DNA of the BACs was extracted using the Qiagen Plasmid Midi Kit (Qiagen, Cat. No. 12143). Eleven of the 20 MTP BACs containing and distal to PM19-A1 in the physical map of Cluster 16421 and the four MTP BACs of Cluster 285 were sequenced on the Illumina MiSeq with 250 bp paired-end reads. An average of 2,105,488 and 2,752,220 paired-end reads per BAC were produced for Cluster 16421 and 285 BACs, respectively. Illumina reads for each BAC were separately assembled using the CLC Bio genomic software 2. Before assembly, reads were filtered to remove contaminant sequences by mapping to the BAC vector (pIndigoBAC-5) sequence and the Escherichia coli genome. De novo assembly of reads after contaminant removal was done with the following assembly parameters: Word size: 64 bp; Bubble size: 250 bp; Mismatch cost: 2; Insertion cost: 3; Deletion cost 3; Length fraction: 90%; Similarity fraction: 95%.

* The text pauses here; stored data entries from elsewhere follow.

lemma subspace_orbit_span: "Z2.subspace (orbit_span n W S)"
  by (simp add: orbit_span_def Z2.subspace_span)

lemma Vsites_subset_orbit_span: "Vsites n S \<subseteq> orbit_span n W S"
proof
  fix v assume "v \<in> Vsites n S"
  then have "mat_pow_vec n W 0 v \<in> {mat_pow_vec n W t v | t v. v \<in> Vsites n S}" by blast
  then show "v \<in> orbit_span n W S" unfolding orbit_span_def by (simp add: Z2.span_base)
qed

lemma invariant_orbit_span: "invariant_under n W (orbit_span n W S)"
proof -
  have "mat_vec n W x \<in> orbit_span n W S" if "x \<in> orbit_span n W S" for x
    using that unfolding orbit_span_def
  proof (induction rule: Z2.span_induct)
    case base
    show ?case
      by (rule Z2_subspaceI) (auto simp: mat_vec_add intro: Z2.span_zero Z2.span_add)
  next
    case (step x)
    then obtain t v where "x = mat_pow_vec n W t v" and "v \<in> Vsites n S" by blast
    then have "mat_vec n W x = mat_pow_vec n W (Suc t) v" by (simp add: mat_pow_vec_def)
    with \<open>v \<in> Vsites n S\<close> show ?case by (auto intro: Z2.span_base)
  qed
  then show ?thesis by (auto simp: invariant_under_def)
qed

lemma orbit_span_least:
  assumes "Z2.subspace X" and "invariant_under n W X" and "Vsites n S \<subseteq> X"
  shows "orbit_span n W S \<subseteq> X"
  unfolding orbit_span_def
proof (rule Z2.span_minimal[OF _ assms(1)])
  show "{mat_pow_vec n W t v | t v. v \<in> Vsites n S} \<subseteq> X"
    using assms(3) invariant_under_mat_pow_vec[OF assms(2)] by blast
qed

lemma orbit_span_subset_phase_space: "orbit_span n W S \<subseteq> phase_space n"
  by (rule orbit_span_least)
    (auto simp: subspace_phase_space invariant_under_def mat_vec_in_phase_space
      Vsites_subset_phase_space)

lemma left_wall_orbit_span:
  assumes "left_wall n W L C"
  shows "orbit_span n W L \<subseteq> Vsites n (L \<union> C)"
  unfolding orbit_span_def
proof (rule Z2.span_minimal[OF _ subspace_Vsites], safe)
  fix t v assume v: "v \<in> Vsites n L"
  show "mat_pow_vec n W t v \<in> Vsites n (L \<union> C)"
  proof (cases t)
    case 0
    then show ?thesis using v Vsites_subset_Vsites[of L n "L \<union> C"] by auto
  next
    case (Suc s)
    then have "t \<ge> 1" by simp
    then show ?thesis using v assms unfolding left_wall_def by blast
  qed
qed

subsection \<open>The internal subspaces of an irreducible wall\<close>

lemma left_wall_proj_sites_orbit_span:
  assumes wall: "left_wall n W L C" and LC: "L \<inter> C = {}" and y: "y \<in> orbit_span n W L"
  shows "proj_sites n C y \<in> orbit_span n W L"
proof -
  have "y = proj_sites n L y + proj_sites n C y"
    using Vsites_Un_split left_wall_orbit_span[OF wall] y LC by blast
  then have "proj_sites n C y = y - proj_sites n L y" by (metis add_diff_cancel_left')
  moreover have "proj_sites n L y \<in> orbit_span n W L"
    using Vsites_subset_orbit_span proj_sites_in_Vsites by blast
  ultimately show ?thesis using y Z2.subspace_diff[OF subspace_orbit_span] by simp
qed

lemma left_internal_eq_Int:
  assumes "left_wall n W L C" and "L \<inter> C = {}"
  shows "G_internal n W L C = orbit_span n W L \<inter> Vsites n C"
proof
  show "G_internal n W L C \<subseteq> orbit_span n W L \<inter> Vsites n C"
    using left_wall_proj_sites_orbit_span[OF assms] proj_sites_in_Vsites
    by (auto simp: G_internal_eq_proj_orbit_span)
  show "orbit_span n W L \<inter> Vsites n C \<subseteq> G_internal n W L C"
  proof
    fix x assume x: "x \<in> orbit_span n W L \<inter> Vsites n C"
    then have "x = proj_sites n C x" by (simp add: proj_sites_id)
    with x show "x \<in> G_internal n W L C"
      unfolding G_internal_eq_proj_orbit_span by blast
  qed
qed

lemma left_internal_nonzero:
  assumes wall: "left_wall n W L C" and LC: "L \<inter> C = {}"
    and nL: "\<not> invariant_under n W (Vsites n L)"
  obtains g where "g \<in> orbit_span n W L \<inter> Vsites n C" and "g \<noteq> 0"
proof (rule ccontr)
  let ?A = "orbit_span n W L"
  assume "\<not> thesis"
  with that have "proj_sites n C y = 0" if "y \<in> ?A" for y
    using left_wall_proj_sites_orbit_span[OF wall LC that] proj_sites_in_Vsites by blast
  then have "?A \<subseteq> Vsites n ((L \<union> C) - C)"
    using left_wall_orbit_span[OF wall] proj_sites_eq_0_imp_Vsites_diff by blast
  also have "\<dots> \<subseteq> Vsites n L" by (rule Vsites_subset_Vsites) blast
  finally have "?A = Vsites n L" using Vsites_subset_orbit_span by blast
  then show False using nL invariant_orbit_span[of n W L] by simp
qed

lemma left_internal_proper:
  assumes wall: "left_wall n W L C" and LC: "L \<inter> C = {}"
    and nLC: "\<not> invariant_under n W (Vsites n (L \<union> C))"
  shows "\<not> Vsites n C \<subseteq> orbit_span n W L"
proof
  let ?A = "orbit_span n W L"
  assume C_sub: "Vsites n C \<subseteq> ?A"
  have "x \<in> ?A" if x: "x \<in> Vsites n (L \<union> C)" for x
  proof -
    have "proj_sites n L x \<in> ?A" "proj_sites n C x \<in> ?A"
      using Vsites_subset_orbit_span C_sub proj_sites_in_Vsites by blast+
    then have "proj_sites n L x + proj_sites n C x \<in> ?A"
      by (rule Z2.subspace_add[OF subspace_orbit_span])
    then show ?thesis using Vsites_Un_split[OF x LC] by simp
  qed
  then have "?A = Vsites n (L \<union> C)" using left_wall_orbit_span[OF wall] by blast
  then show False using nLC invariant_orbit_span[of n W L] by simp
qed

lemma left_internal_pair:
  assumes a: "a < n" and L: "a + 1 \<notin> L" and wall: "left_wall n W L {a+1}"
    and nL: "\<not> invariant_under n W (Vsites n L)"
    and nLC: "\<not> invariant_under n W (Vsites n (L \<union> {a+1}))"
  obtains g where "g \<noteq> 0" and "orbit_span n W L \<inter> Vsites n {a+1} = {0, g}"
proof -
  have LC: "L \<inter> {a+1} = {}" using L by blast
  obtain g where g: "g \<in> orbit_span n W L \<inter> Vsites n {a+1}" "g \<noteq> 0"
    using left_internal_nonzero[OF wall LC nL] by blast
  have "orbit_span n W L \<inter> Vsites n {a+1} = {0, g}"
    using left_internal_proper[OF wall LC nLC]
    by (intro single_site_subspace_eq_pair[OF a _ _ g]
        Z2.subspace_inter[OF subspace_orbit_span subspace_Vsites]) auto
  with g(2) show thesis by (rule that)
qed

The assembled contigs were repeat-masked by BLASTn analysis against the Triticeae Repeat Element Database (TREP 3; Wicker et al., 2000). Gene annotation was performed using the wheat gene models described by Krasileva et al. (2013) and by BLASTX analysis to NBCI nr.4 Gene models were also obtained by ab initio gene prediction with FGENESH (Solovyev et al., 2006). Only FGENESH gene models with protein sequence support from NCBI or Ensembl Plant protein databases5 were used. Gene models with greater than 90% protein or nucleotide sequence identity and more than 75% sequence coverage to already annotated genes on NCBI or Ensembl databases were considered as high confidence genes. Gene models that did not meet these criteria were considered as low confidence genes, and were not analyzed further.

TaMKK3-A Genotyping

A Kompetitive Allele Specific PCR (KASP; Smith and Maughan, 2015) assay was developed for genotyping the C to A (C > A) causal TaMKK3-A mutation reported by Torada et al. (2016). For this, two allele-specific reverse primers (TaMKK3-A-snp1-res: TTTTTGCTTCGCCCTTAAGG and TaMKK3-A-snpA1-sus: TTTTTGCTTCGCCCTTAAGT) each containing the allele-specific SNP at the 3′ end, were used in combination with a common A-genome specific forward primer (GCATAGAGATCTAAAGCCAGCA). To distinguish the amplification signal produced from each allele specific primer, FAM and HEX fluorescence dye probes (Ramirez-Gonzalez et al., 2015) were added to the 5′ end of TaMKK3-A-snpA1-res and TaMKK3-A-snpA1-sus, respectively. KASP assays were performed as previously described (Shorinola et al., 2016).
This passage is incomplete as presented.